The SHAP method enhances the interpretability of the model's predictions by integrating SHAP values, which provide insights into feature contributions at both global (model-wide) and local (sample-specific) levels. Based on cooperative game theory, SHAP calculates the contribution of each gene expression feature to the prediction, attributing values that indicate the positive or negative impact of each gene on the model's decision regarding disease classification. Global Interpretability: SHAP summaries are employed to identify key genes that consistently influence classification decisions across the entire dataset. By aggregating SHAP values, the model identifies prominent biomarkers associated with, for instance, tumorigenic processes, such as the overexpression or under expression of specific oncogenes or tumor suppressor genes. These insights can guide biological interpretation and suggest potential gene targets for further research. Local Interpretability: For each individual sample, SHAP values provide a detailed breakdown of gene-level contributions to the predicted disease classification. For instance, in a sample predicted as cancerous, the SHAP explanation may highlight a set of upregulated oncogenes or downregulated tumor suppressors that drive the classification outcome. SHAP calculations are performed for every model in the stacking model, encompassing both the first and second layers, to obtain explanations for each model. Genes identified as having a positive contribution to predicting the disease state in instances of overexpression may serve as potential candidate targets for selecting appropriate targeted therapeutic drugs.

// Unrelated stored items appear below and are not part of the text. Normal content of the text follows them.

lemma block_form_diagonalization:
  assumes "\<alpha> > 0 \<or> \<beta> > 0" "\<alpha> * \<beta> - pnorm2 a > 0"
  obtains S c1 c2 where "linear S" "inj S" "c1 > 0" "c2 > 0"
    "\<And>z. block_form \<alpha> \<beta> a (S z) (S z) = c1 * pnorm2 (fst z) + c2 * pnorm2 (snd z)"
  using assms(1)
proof
  assume "\<alpha> > 0"
  then obtain S where "linear S" "inj S"
    "\<And>z. block_form \<alpha> \<beta> a (S z) (S z)
       = \<alpha> * pnorm2 (fst z) + (\<alpha> * \<beta> - pnorm2 a) / \<alpha> * pnorm2 (snd z)"
    using block_form_diagonalization_pos[of \<alpha> \<beta> a] by auto
  then show thesis
    using that[of S \<alpha> "(\<alpha> * \<beta> - pnorm2 a) / \<alpha>"] assms(2) \<open>\<alpha> > 0\<close> by simp
next
  assume "\<beta> > 0"
  then obtain S where S: "linear S" "inj S"
    "\<And>z. block_form \<beta> \<alpha> (pcnj a) (S z) (S z)
       = \<beta> * pnorm2 (fst z) + (\<beta> * \<alpha> - pnorm2 a) / \<beta> * pnorm2 (snd z)"
    using block_form_diagonalization_pos[of \<beta> \<alpha> "pcnj a"] by (auto simp: pnorm2_pcnj)
  show thesis
  proof (rule that[of "prod.swap \<circ> S \<circ> prod.swap" "(\<beta> * \<alpha> - pnorm2 a) / \<beta>" \<beta>])
    show "linear (prod.swap \<circ> S \<circ> prod.swap)"
      using S(1) linear_swap by (intro linear_compose)
    show "inj (prod.swap \<circ> S \<circ> prod.swap)"
      using S(2) by (simp add: inj_compose)
    show "block_form \<alpha> \<beta> a ((prod.swap \<circ> S \<circ> prod.swap) z) ((prod.swap \<circ> S \<circ> prod.swap) z)
      = (\<beta> * \<alpha> - pnorm2 a) / \<beta> * pnorm2 (fst z) + \<beta> * pnorm2 (snd z)" for z
      using S(3)[of "prod.swap z"]
      by (cases "S (prod.swap z)") (simp add: block_form_swap[of \<alpha> \<beta> a] add.commute)
  qed (use assms(2) \<open>\<beta> > 0\<close> in \<open>simp_all add: mult.commute\<close>)
qed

Example 2 Chemoresistance of High Grade Serous Ovarian Cancer

In one embodiment, this invention provides a method for predicting chemotherapy resistance in high-grade serous ovarian cancer (HGSOC). Tumor tissue samples are obtained, and RNA sequencing is conducted using Next Generation Sequencing (NGS). The resulting RNA sequencing data undergo preprocessing before being input into the machine learning model (MLM) for the identification of chemotherapy resistance risk and prioritization of dysregulated pathways. Each pathway within the established MLM is assigned a dysregulated pathway (DP) score, calculated as the first-layer probability multiplied by the second-layer weights. Pathways with the highest DP scores are considered the most significant contributors to resistance risk. The Shapley Additive Explanations (SHAP) method is employed to identify the genes that most significantly influence the high-probability predictions. The gene with the highest positive contribution to predicting resistance is then matched with an appropriate FDA-approved targeted therapy.